The tournament is structured where each participant can fish any two days between the first week in February and the middle of April. What really makes things dicey is you can only weigh in one wahoo per day, so if you strike out on either day it makes placing that much harder.
Having fished in hundreds of tournaments over the years, I no longer get too serious about it. Rigging correctly is vital, but luck plays a big part in the equation. That luck aspect means being in the right place at the right time with the right lure and, most importantly, having a fish there that is hungry.
Leaving the dock at 3:15 a.m. and back in at 7 p.m. makes for one long day.

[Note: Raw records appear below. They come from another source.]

lemma LSpec_setpow_norm_diff_le:
  fixes \<epsilon> :: real
  assumes "finite (carrier G)" "A \<subseteq> carrier G" "a \<in> A" "b \<in> A"
    and "\<gamma> \<in> LSpec G (setpow G A (Suc m)) \<epsilon>" "\<epsilon>^2 \<le> 2"
  shows "card (setpow G A m) * (cmod (\<gamma> a - \<gamma> b))^2 \<le> 4 * \<epsilon>^2 * card (setpow G A (Suc m))"
proof -
  have sub: "setpow G A (Suc m) \<subseteq> carrier G"
    using assms(2) by (rule setpow_subset_carrier)
  obtain \<omega> where \<omega>: "(\<Sum>y\<in>setpow G A (Suc m). (cmod (\<gamma> y - \<omega>))^2) \<le> \<epsilon>^2 * card (setpow G A (Suc m))"
    using LSpec_concentration[OF assms(1) sub assms(5,6)] by blast
  have "card (setpow G A m) * (cmod (\<gamma> a - \<gamma> b))^2
        \<le> 4 * (\<Sum>y\<in>setpow G A (Suc m). (cmod (\<gamma> y - \<omega>))^2)"
    using assms sub by (intro Lin_variation_le setpow_subset_carrier)
      (auto simp: LSpec_def intro: finite_subset)
  with \<omega> show ?thesis by simp
qed

lemma LSpec_setpow_norm_diff_le_sqrt:
  fixes \<epsilon> K :: real
  assumes "finite (carrier G)" "A \<subseteq> carrier G" "a \<in> A" "b \<in> A"
    and "\<gamma> \<in> LSpec G (setpow G A (Suc m)) \<epsilon>" "0 \<le> \<epsilon>" "\<epsilon>^2 \<le> 2"
    and "card (setpow G A (Suc m)) \<le> K * card (setpow G A m)"
  shows "cmod (\<gamma> a - \<gamma> b) \<le> 2 * \<epsilon> * sqrt K"
proof -
  have pos: "card (setpow G A m) > 0"
    using setpow_nonempty[of A G m] setpow_subset_carrier[OF assms(2)] assms(1,3)
    by (metis card_gt_0_iff empty_iff finite_subset)
  have "0 \<le> K * card (setpow G A m)"
    using assms(8) by (meson of_nat_0_le_iff order_trans)
  with pos have K: "K \<ge> 0" by (simp add: zero_le_mult_iff)
  have "card (setpow G A m) * (cmod (\<gamma> a - \<gamma> b))^2 \<le> 4 * \<epsilon>^2 * card (setpow G A (Suc m))"
    using LSpec_setpow_norm_diff_le[OF assms(1-5,7)] .
  also have "\<dots> \<le> 4 * \<epsilon>^2 * (K * card (setpow G A m))"
    using assms(8) by (rule mult_left_mono) simp
  also have "\<dots> = card (setpow G A m) * (2 * \<epsilon> * sqrt K)^2"
    using K by (simp add: power_mult_distrib)
  finally have "(cmod (\<gamma> a - \<gamma> b))^2 \<le> (2 * \<epsilon> * sqrt K)^2"
    using pos by simp
  then show ?thesis
    by (rule power2_le_imp_le) (use assms(6) K in simp)
qed

end

theorem proposition8p1:
  fixes G (structure) and A :: "'a set" and K \<epsilon> :: real and l :: nat
  assumes "group G" and "finite (carrier G)" and "A \<subseteq> carrier G"
    and "K > 0" and "l \<ge> 1"
    and "prob_G G (setpow G A l) \<le> K * prob_G G (setpow G A (l - 1))"
    and "0 < \<epsilon>" and "\<epsilon> \<le> 1"
  shows "diffset G A \<subseteq> LinBohr G (LSpec G (setpow G A l) \<epsilon>) (2 * \<epsilon> * sqrt (2 * K))"
proof
  interpret group G by fact
  fix z assume "z \<in> diffset G A"
  then obtain a b where ab: "a \<in> A" "b \<in> A" and z: "z = a \<otimes> inv b"
    by (auto simp: diffset_def)
  then have carrier: "a \<in> carrier G" "b \<in> carrier G" "z \<in> carrier G" using assms(3) by auto
  obtain m where l: "l = Suc m" using \<open>l \<ge> 1\<close> by (cases l) auto
  have "card (carrier G) > 0" using assms(2) carrier_not_empty card_gt_0_iff by blast
  then have card_le: "card (setpow G A (Suc m)) \<le> K * card (setpow G A m)"
    using assms(6) by (simp add: l prob_G_def divide_simps)
  have eps_sq: "\<epsilon>^2 \<le> 2" using power_le_one[of \<epsilon> 2] assms(7,8) by linarith
  have "circ_norm (\<gamma> z) \<le> 2 * \<epsilon> * sqrt (2 * K)" if \<gamma>: "\<gamma> \<in> LSpec G (setpow G A l) \<epsilon>" for \<gamma>
  proof -
    have Lin: "\<gamma> \<in> Lin G" using \<gamma> by (simp add: LSpec_def)
    have "circ_norm (\<gamma> z) \<le> cmod (\<gamma> a - \<gamma> b)"
      using circ_norm_le_norm_diff_one[OF Lin_norm[OF Lin carrier(3)]]
        Lin_norm_diff_one[OF Lin carrier(1,2)] by (simp add: z)
    also have "\<dots> \<le> 2 * \<epsilon> * sqrt K"
      using LSpec_setpow_norm_diff_le_sqrt[OF assms(2,3) ab \<gamma>[unfolded l] _ eps_sq card_le] assms(7)
      by simp
    also have "\<dots> \<le> 2 * \<epsilon> * sqrt (2 * K)"
      using assms(4,7) by simp
    finally show ?thesis .
  qed
  then show "z \<in> LinBohr G (LSpec G (setpow G A l) \<epsilon>) (2 * \<epsilon> * sqrt (2 * K))"
    using carrier by (simp add: LinBohr_def)
qed

end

But if I had to guess how many hours I spent rigging lures, spooling new line on eight rods that each accommodate nearly 700 yards of line, plus a ton of other necessities, it added up to dozens upon dozens of hours.
With wahoo having mouthful of razor sharp teeth, every lure requires a wire leader twisted to perfection. By the time I had finished rigging all those lures, my fingers had been poked by needle-like wire so many times I was more or less crippled. Every night, I had to soak my hands in Epsom salt, followed by slathering gobs of Neosporin on my fingers.
Fishing is hard work if it’s done right.
Arriving in the Gulf Stream around sunrise, it was a spectacular sight. The water was flat calm and as the sun began to edge over the horizon, I went to work. To say the least, running eight or more lines at once takes quite a bit of orchestration.
To make each lure run through the water at its most appealing takes a lot of fine-tuning. Drop that one back 20 feet, bring that one in 10 feet and constantly adjusting each one can make all the difference between catching and not catching. I’ll bet I changed out different color lures, each with their own unique action, a hundred times that day.
Up until that day, hard winds had kept boats at the dock for nearly two weeks but, on this day, it seemed everybody was taking advantage of calm seas. Unfortunately, the bite was ridiculously slow, which made the day even longer.
I think it was around 8:30 in the morning when I just happened to be watching a particular lure disappear in an explosion of water. Somehow the fish missed getting hooked but, in the blink of an eye, it hit another lure, missed the hook again and then a third lure, and we had it on.
It screamed line off the reel as Ben took the rod and the rest of us began madly reeling in the other lines to keep the fish from tangling up all the other lines. It was pure mayhem.
I was at the wheel when I saw a second rod bend. Yelling to Catfish, he grabbed that rod and began reeling like a crazy man. It’s quite the dance when you hook two or more fish at once because they can swim so fast, all it takes is one minor lapse in concentration and, in a flash, both fish can be lost.
Finally, I saw Ben’s fish and it was a nice wahoo! Bright purple and blue stripes mesmerized everyone for a second as Catfish’s line crossed Ben’s, but Ben’s fish was right there. I jumped down, grabbed a gaff, stuck his fish and into the boat it went.
The other fish shook the hook loose, but at least we had one — a 51.7 pound wahoo.
Amazingly, that was the only bite all day and, judging from the chatter on the radio, we were one of the only boats to catch a wahoo that day. In this case at least, all those hours of hard work did make the difference.